» WHAT IS BEING ASKED: Only the lines from the one with "text \<open>A partition" through the end of the data are wanted, copied exactly.
═══ EXTRACTED ENTRIES ═══
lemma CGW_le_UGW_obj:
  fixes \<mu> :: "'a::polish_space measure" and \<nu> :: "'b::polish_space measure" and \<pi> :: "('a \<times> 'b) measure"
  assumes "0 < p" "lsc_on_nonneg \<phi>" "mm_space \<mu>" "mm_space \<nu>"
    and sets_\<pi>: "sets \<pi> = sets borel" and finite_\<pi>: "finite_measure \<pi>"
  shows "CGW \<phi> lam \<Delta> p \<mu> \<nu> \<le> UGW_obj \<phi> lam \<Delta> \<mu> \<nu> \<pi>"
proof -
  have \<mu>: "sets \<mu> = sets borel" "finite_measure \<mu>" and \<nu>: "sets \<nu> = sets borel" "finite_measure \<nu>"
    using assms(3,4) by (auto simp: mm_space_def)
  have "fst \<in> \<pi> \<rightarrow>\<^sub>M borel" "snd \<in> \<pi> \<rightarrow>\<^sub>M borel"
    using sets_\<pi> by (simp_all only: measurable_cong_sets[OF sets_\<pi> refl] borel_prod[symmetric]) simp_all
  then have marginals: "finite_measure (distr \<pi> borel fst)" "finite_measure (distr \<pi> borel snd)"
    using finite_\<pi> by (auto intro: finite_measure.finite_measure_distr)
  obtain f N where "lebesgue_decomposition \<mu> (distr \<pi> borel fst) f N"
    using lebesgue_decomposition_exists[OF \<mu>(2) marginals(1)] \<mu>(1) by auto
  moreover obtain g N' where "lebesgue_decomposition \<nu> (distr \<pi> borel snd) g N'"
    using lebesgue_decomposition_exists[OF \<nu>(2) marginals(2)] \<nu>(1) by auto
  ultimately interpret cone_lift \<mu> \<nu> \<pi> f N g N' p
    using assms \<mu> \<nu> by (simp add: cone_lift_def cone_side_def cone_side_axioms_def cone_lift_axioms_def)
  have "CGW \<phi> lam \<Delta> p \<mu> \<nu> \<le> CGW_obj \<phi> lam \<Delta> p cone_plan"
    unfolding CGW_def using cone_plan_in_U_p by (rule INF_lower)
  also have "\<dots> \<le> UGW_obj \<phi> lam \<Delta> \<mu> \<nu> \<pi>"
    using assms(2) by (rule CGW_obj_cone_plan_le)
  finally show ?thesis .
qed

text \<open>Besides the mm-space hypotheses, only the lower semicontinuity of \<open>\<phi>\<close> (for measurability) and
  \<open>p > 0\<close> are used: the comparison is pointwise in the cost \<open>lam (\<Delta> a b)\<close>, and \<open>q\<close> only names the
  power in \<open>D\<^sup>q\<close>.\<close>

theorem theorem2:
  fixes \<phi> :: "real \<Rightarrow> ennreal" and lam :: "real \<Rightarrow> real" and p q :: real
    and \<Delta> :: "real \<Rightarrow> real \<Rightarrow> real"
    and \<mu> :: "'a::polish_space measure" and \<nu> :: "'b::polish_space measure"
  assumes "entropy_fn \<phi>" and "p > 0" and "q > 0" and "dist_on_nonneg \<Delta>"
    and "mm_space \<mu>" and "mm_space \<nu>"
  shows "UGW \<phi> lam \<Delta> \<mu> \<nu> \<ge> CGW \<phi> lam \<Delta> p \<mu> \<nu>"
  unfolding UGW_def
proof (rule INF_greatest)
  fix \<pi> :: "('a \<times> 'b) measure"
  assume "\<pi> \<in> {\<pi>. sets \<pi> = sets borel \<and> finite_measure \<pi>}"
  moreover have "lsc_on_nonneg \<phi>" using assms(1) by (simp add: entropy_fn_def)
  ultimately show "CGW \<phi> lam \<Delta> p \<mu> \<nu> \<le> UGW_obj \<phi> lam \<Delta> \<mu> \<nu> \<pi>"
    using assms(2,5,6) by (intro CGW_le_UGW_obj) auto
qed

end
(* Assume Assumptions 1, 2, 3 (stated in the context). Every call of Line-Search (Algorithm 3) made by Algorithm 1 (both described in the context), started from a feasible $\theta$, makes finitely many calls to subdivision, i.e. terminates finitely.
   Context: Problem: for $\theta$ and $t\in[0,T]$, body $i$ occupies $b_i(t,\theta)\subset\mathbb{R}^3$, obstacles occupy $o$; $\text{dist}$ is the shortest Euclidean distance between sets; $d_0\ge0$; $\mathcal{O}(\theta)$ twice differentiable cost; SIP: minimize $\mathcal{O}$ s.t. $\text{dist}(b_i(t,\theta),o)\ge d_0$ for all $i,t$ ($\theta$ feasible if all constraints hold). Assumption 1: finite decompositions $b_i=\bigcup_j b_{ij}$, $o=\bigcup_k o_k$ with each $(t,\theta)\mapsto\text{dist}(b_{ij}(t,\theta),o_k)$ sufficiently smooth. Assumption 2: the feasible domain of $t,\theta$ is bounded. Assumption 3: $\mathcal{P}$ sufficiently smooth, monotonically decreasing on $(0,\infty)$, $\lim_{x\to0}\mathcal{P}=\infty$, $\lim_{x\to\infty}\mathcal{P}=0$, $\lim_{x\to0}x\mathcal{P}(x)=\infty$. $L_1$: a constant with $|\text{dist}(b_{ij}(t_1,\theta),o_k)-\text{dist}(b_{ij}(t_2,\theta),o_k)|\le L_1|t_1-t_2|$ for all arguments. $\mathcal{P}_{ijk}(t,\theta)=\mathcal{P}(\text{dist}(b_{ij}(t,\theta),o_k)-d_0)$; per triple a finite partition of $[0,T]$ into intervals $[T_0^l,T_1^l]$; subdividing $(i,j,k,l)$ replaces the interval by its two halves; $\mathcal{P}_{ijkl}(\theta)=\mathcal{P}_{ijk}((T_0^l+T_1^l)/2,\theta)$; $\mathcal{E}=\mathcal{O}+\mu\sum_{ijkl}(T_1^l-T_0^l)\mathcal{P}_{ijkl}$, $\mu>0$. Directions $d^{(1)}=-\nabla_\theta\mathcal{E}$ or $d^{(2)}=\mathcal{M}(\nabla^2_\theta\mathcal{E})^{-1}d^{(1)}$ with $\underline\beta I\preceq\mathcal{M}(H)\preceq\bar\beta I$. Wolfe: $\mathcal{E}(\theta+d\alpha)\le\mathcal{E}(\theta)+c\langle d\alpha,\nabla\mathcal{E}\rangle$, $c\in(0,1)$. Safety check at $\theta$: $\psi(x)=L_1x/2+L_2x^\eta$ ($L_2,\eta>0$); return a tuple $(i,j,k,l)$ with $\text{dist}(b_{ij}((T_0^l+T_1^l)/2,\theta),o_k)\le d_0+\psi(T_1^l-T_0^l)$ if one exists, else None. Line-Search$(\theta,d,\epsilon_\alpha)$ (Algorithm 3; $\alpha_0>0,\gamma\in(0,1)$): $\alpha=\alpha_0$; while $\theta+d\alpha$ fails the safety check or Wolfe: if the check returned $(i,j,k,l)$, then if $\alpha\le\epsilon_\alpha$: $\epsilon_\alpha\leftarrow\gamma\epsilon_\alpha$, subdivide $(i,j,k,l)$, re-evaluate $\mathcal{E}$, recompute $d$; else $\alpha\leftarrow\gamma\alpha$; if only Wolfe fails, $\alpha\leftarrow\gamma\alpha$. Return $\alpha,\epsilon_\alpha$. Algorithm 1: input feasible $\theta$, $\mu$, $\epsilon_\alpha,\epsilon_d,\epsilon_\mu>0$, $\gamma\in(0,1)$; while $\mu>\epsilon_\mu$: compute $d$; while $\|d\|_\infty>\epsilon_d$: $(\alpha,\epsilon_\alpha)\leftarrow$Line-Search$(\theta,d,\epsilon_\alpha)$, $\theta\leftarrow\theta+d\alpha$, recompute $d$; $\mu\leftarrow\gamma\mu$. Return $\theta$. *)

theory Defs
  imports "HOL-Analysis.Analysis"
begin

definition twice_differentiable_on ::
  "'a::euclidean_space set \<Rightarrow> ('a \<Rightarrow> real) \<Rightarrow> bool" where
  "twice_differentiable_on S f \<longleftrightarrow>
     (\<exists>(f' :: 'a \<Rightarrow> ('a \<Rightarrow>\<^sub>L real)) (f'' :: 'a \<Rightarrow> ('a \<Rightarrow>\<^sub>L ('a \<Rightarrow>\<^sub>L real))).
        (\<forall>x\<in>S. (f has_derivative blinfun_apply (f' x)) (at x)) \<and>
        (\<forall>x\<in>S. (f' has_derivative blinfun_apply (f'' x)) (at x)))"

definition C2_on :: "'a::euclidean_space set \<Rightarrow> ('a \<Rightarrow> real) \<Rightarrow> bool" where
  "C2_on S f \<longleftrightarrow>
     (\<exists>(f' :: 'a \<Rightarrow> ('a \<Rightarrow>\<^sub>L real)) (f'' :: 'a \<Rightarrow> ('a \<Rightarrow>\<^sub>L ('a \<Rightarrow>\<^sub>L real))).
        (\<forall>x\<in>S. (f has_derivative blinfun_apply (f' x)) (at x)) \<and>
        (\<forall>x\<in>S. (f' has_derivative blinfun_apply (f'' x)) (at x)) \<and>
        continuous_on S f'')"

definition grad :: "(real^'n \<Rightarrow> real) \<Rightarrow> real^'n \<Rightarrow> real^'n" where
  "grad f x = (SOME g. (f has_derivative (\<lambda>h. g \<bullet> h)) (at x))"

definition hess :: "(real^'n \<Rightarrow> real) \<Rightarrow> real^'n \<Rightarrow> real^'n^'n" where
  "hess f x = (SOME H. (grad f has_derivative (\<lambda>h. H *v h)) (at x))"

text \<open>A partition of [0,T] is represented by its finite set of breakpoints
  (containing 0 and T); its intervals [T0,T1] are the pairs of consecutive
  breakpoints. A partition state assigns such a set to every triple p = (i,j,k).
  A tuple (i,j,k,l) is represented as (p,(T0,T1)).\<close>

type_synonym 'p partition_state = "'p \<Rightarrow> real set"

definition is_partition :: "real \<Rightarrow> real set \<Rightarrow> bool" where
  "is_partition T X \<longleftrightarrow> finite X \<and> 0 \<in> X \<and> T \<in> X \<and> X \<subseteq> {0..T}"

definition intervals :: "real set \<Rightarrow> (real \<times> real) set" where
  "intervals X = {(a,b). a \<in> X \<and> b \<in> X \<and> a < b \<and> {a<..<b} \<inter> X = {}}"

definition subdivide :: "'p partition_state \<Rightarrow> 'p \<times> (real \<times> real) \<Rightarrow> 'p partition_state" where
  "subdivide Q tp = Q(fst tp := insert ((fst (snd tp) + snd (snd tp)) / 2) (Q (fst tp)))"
═══
» EXERCISE RESPONSE:
text \<open>A partition of [0,T] is represented by its finite set of breakpoints
  (containing 0 and T); its intervals [T0,T1] are the pairs of consecutive
  breakpoints. A partition state assigns such a set to every triple p = (i,j,k).
  A tuple (i,j,k,l) is represented as (p,(T0,T1)).\<close>

type_synonym 'p partition_state = "'p \<Rightarrow> real set"

definition is_partition :: "real \<Rightarrow> real set \<Rightarrow> bool" where
  "is_partition T X \<longleftrightarrow> finite X \<and> 0 \<in> X \<and> T \<in> X \<and> X \<subseteq> {0..T}"

definition intervals :: "real set \<Rightarrow> (real \<times> real) set" where
  "intervals X = {(a,b). a \<in> X \<and> b \<in> X \<and> a < b \<and> {a<..<b} \<inter> X = {}}"

definition subdivide :: "'p partition_state \<Rightarrow> 'p \<times> (real \<times> real) \<Rightarrow> 'p partition_state" where
  "subdivide Q tp = Q(fst tp := insert ((fst (snd tp) + snd (snd tp)) / 2) (Q (fst tp)))"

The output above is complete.